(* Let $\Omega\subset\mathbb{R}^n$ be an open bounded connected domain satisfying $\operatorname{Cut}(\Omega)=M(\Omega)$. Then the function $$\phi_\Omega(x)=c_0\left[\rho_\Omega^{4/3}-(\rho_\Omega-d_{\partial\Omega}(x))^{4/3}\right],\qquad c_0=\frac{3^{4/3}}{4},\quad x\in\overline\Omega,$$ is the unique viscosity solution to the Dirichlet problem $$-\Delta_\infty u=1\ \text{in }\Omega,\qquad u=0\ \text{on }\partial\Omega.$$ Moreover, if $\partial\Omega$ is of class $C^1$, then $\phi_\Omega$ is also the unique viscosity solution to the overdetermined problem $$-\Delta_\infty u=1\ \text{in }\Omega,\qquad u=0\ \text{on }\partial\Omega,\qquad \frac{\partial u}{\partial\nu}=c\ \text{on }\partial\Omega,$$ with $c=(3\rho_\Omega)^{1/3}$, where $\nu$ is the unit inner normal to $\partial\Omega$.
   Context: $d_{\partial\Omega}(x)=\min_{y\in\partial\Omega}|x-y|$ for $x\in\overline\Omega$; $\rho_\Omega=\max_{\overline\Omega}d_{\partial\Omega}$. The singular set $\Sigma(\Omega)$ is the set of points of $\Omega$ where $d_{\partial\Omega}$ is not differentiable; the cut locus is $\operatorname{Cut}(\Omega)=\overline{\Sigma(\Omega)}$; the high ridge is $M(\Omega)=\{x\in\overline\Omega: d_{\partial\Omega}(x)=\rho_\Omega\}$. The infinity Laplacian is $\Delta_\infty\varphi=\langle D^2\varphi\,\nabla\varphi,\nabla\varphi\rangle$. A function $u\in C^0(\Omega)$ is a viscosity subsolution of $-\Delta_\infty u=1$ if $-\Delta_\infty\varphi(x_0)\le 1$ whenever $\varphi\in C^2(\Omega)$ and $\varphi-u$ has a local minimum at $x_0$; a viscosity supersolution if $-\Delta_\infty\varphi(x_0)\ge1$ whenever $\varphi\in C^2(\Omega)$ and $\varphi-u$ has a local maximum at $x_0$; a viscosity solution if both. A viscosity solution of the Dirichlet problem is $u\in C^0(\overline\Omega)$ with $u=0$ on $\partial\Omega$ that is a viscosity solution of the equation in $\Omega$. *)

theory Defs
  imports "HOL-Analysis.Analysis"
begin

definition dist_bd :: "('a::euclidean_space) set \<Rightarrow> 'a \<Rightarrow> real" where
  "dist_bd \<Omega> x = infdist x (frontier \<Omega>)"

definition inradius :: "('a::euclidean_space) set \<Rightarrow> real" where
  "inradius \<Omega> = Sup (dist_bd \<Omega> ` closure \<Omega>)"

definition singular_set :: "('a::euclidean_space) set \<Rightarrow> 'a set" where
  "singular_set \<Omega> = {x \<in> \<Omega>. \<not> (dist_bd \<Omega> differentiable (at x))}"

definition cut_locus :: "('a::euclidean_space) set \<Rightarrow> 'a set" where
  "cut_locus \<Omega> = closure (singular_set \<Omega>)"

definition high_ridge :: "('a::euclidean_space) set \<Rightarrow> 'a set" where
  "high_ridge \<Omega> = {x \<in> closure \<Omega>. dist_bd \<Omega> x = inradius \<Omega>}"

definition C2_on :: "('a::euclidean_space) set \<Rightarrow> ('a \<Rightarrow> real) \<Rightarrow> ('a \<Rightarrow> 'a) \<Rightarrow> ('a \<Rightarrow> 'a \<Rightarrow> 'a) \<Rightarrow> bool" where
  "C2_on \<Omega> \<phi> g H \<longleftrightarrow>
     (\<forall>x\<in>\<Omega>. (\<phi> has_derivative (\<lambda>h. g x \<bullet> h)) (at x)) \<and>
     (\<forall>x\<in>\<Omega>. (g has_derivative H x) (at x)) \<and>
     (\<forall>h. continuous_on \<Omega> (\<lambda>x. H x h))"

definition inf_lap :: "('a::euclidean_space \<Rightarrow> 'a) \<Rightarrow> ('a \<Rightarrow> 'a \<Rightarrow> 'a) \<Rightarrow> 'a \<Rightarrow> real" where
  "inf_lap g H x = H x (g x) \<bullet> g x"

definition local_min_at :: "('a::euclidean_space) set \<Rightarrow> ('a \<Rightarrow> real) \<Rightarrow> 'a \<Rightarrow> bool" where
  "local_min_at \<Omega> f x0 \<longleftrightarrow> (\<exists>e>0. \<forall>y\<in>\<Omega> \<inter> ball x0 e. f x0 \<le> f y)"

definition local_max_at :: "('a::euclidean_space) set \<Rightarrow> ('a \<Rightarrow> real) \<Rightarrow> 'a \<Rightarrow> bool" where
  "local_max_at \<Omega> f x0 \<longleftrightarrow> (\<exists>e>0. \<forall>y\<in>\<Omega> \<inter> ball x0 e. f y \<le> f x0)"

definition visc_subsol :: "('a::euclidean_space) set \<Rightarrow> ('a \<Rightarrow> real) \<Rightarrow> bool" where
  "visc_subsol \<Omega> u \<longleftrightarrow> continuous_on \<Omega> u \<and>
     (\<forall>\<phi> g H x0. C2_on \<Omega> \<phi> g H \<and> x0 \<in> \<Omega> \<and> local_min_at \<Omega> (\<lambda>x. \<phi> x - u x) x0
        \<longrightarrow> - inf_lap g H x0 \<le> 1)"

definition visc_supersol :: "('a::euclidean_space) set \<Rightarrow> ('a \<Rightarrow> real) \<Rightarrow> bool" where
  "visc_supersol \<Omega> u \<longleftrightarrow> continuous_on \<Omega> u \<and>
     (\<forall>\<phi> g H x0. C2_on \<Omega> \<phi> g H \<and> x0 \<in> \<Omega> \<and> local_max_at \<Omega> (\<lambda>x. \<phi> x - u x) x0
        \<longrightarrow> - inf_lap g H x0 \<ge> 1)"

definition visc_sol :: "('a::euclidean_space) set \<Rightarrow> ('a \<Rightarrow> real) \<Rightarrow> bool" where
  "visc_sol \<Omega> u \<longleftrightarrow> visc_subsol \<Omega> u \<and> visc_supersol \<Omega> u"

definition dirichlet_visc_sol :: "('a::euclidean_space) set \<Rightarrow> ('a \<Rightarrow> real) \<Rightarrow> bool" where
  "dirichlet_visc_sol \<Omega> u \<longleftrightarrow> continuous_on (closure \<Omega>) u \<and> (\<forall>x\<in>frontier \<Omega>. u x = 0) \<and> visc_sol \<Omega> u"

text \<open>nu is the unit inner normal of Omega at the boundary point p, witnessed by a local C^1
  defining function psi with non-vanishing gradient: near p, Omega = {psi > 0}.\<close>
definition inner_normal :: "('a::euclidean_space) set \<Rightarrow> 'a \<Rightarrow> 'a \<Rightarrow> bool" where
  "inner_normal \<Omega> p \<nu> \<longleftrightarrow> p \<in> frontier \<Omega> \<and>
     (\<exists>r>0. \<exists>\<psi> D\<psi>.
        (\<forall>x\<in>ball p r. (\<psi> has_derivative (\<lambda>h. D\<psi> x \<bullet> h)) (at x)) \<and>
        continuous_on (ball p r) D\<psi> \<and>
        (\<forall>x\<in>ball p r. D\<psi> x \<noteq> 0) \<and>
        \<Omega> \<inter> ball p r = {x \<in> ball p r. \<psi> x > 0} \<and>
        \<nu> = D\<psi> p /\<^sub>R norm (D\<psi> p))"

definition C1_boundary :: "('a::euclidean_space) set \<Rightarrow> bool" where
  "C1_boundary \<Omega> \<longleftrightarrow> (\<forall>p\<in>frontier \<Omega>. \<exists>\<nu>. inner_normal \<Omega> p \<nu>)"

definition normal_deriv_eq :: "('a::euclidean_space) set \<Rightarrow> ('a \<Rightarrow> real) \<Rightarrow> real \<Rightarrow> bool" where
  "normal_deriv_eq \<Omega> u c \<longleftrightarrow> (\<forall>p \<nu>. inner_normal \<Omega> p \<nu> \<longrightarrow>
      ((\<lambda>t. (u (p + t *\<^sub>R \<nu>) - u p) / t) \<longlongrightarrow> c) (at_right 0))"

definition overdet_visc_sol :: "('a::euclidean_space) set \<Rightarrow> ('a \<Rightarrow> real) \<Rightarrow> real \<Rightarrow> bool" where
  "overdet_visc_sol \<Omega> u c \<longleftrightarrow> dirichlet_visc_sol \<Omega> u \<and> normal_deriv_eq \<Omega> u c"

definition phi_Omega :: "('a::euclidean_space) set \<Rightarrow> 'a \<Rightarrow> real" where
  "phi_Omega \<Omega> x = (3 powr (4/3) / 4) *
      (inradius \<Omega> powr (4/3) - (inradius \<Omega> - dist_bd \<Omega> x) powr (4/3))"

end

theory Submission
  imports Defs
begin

• **Exercise instructions**
The answer must be a single number: the count of lines above that contain the word "closure".

• **Written answer**
4